In 2003, Ferrera was appointed as sports director at KV Kortrijk. After the winter break, he had to replace the trainer. Angelo Nijskens was dismissed in January 2004 and replaced by Ferrera, who piloted the West-Flemish team directly to the Second Division. Afterwards, the team appointed Rudi Verkempinck as the new head coach, but he was also replaced by Ferrera in September 2004. Following the season, he was once again appointed sports director. His contract finished in 2006.

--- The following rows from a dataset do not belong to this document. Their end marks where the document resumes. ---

theorem lemma7:
  fixes n :: nat and u :: vtx
  assumes "n \<ge> 1" and "u \<in> octV n"
  shows "measure_pmf.prob (osw_pmf n) (E3 n u) < 36 * zeta3 / (ln (real n + 1))\<^sup>2"
proof -
  define L where "L = ln (real n + 1)"
  have "0 < L" using assms(1) by (simp add: L_def)
  show ?thesis
  proof (cases "L\<^sup>2 < 36 * zeta3")
    case True
    with \<open>0 < L\<close> have "1 < 36 * zeta3 / L\<^sup>2" by simp
    with measure_pmf.prob_le_1 show ?thesis unfolding L_def by (rule le_less_trans)
  next
    case False
    with zeta3_ge_1 have "36 \<le> L\<^sup>2" by linarith
    with \<open>0 < L\<close> have "6 \<le> L" using power2_le_imp_le[of 6 L] by simp
    with prob_E3_lt[OF assms(2)] have "measure_pmf.prob (osw_pmf n) (E3 n u) < 36 / L\<^sup>2"
      by (simp add: L_def)
    also have "\<dots> \<le> 36 * zeta3 / L\<^sup>2"
      using zeta3_ge_1 by (intro divide_right_mono) simp_all
    finally show ?thesis by (simp only: L_def)
  qed
qed

end
text \<open>Since every flip permutes \<open>Omega0 L\<close>, each of the \<open>k + 1\<close> states visited along a
  uniformly chosen ring sequence from a uniform start is again uniform; the left-hand side
  counts the bad pairs of start and sequence.\<close>

lemma sum_bad_seqs_le:
  "(\<Sum>\<zeta>\<in>Omega0 L. real (card (sites L)) ^ k - good_paths L h k \<zeta>)
     \<le> real (k + 1) * real (card (sites L)) ^ k * real (card (low_configs L h))"
proof (induction k)
  case 0
  have "(\<Sum>\<zeta>\<in>Omega0 L. real (card (sites L)) ^ 0 - good_paths L h 0 \<zeta>)
      = (\<Sum>\<zeta>\<in>Omega0 L. if above_level L h \<zeta> then 0 else 1)"
    by (intro sum.cong) auto
  then show ?case using sum_Omega0_not_above[of L h 1] by simp
next
  case (Suc k)
  define N where "N = real (card (sites L))"
  define B where "B = real (card (low_configs L h))"
  have step: "N ^ Suc k - good_paths L h (Suc k) \<zeta>
      \<le> (if above_level L h \<zeta> then 0 else N ^ Suc k) +
        (\<Sum>x\<in>sites L. N ^ k - good_paths L h k (flip \<zeta> x))" for \<zeta>
  proof -
    have "0 \<le> (\<Sum>x\<in>sites L. N ^ k - good_paths L h k (flip \<zeta> x))"
      using good_paths_bounds(2) unfolding N_def by (intro sum_nonneg) auto
    moreover have "(\<Sum>x\<in>sites L. N ^ k - good_paths L h k (flip \<zeta> x))
        = N * N ^ k - (\<Sum>x\<in>sites L. good_paths L h k (flip \<zeta> x))"
      by (simp add: sum_subtractf N_def)
    ultimately show ?thesis by simp
  qed
  have "(\<Sum>\<zeta>\<in>Omega0 L. N ^ Suc k - good_paths L h (Suc k) \<zeta>)
      \<le> (\<Sum>\<zeta>\<in>Omega0 L. (if above_level L h \<zeta> then 0 else N ^ Suc k)
                       + (\<Sum>x\<in>sites L. N ^ k - good_paths L h k (flip \<zeta> x)))"
    by (rule sum_mono) (rule step)
  also have "\<dots> = N ^ Suc k * B + (\<Sum>x\<in>sites L. \<Sum>\<zeta>\<in>Omega0 L. N ^ k - good_paths L h k (flip \<zeta> x))"
    by (simp add: sum.distrib sum_Omega0_not_above sum.swap[of _ "sites L"] B_def)
  also have "(\<Sum>x\<in>sites L. \<Sum>\<zeta>\<in>Omega0 L. N ^ k - good_paths L h k (flip \<zeta> x))
      = (\<Sum>x\<in>sites L. \<Sum>\<zeta>\<in>Omega0 L. N ^ k - good_paths L h k \<zeta>)"
    by (intro sum.cong refl sum.reindex_bij_betw bij_betw_flip)
  also have "\<dots> \<le> (\<Sum>x\<in>sites L. real (k + 1) * N ^ k * B)"
    by (rule sum_mono) (use Suc in \<open>simp add: N_def B_def\<close>)
  also have "N ^ Suc k * B + \<dots> = real (Suc k + 1) * N ^ Suc k * B"
    by (simp add: N_def algebra_simps)
  finally show ?case unfolding N_def B_def by simp
qed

In the summer of 2006, he moved to Standard de Liège. Ferrera was first the assistant of Johan Boskamp and later on his successor Michel Preud'homme. Ferrera trained at Standard top players such as Axel Witsel, Steven Defour, Milan Jovanović, and Dieumerci Mbokani. In 2008, Standard became champion in Belgium for the first time in 25 years.

Preud'homme did not stay at Standard, but surprisingly, after the title was signed at AA Gent. Ferrera followed him as assistant trainer. In 2010, they won the Belgian cup with Gent. Preud'homme went to FC Twente, but Ferrera stayed with the Buffalos. He became the assistant of Trond Sollied. As Sollied was dismissed in October 2012, Ferrera was shortly head coach. After two matches, Bob Peeters was assigned as the new trainer, after which Ferrera took his old role as trainer-assistant.

In February 2014, Ferrera became the director of the youth courses at AA Gent.

==Personal life==
Manu Ferrera was born in the Spanish village El Cerro de Andévalo, but he moved in 1962 to Schaarbeek with his family. His brothers, Emilio and Francisco Ferrera, and his nephew Yannick, are all footballing coaches in Belgium.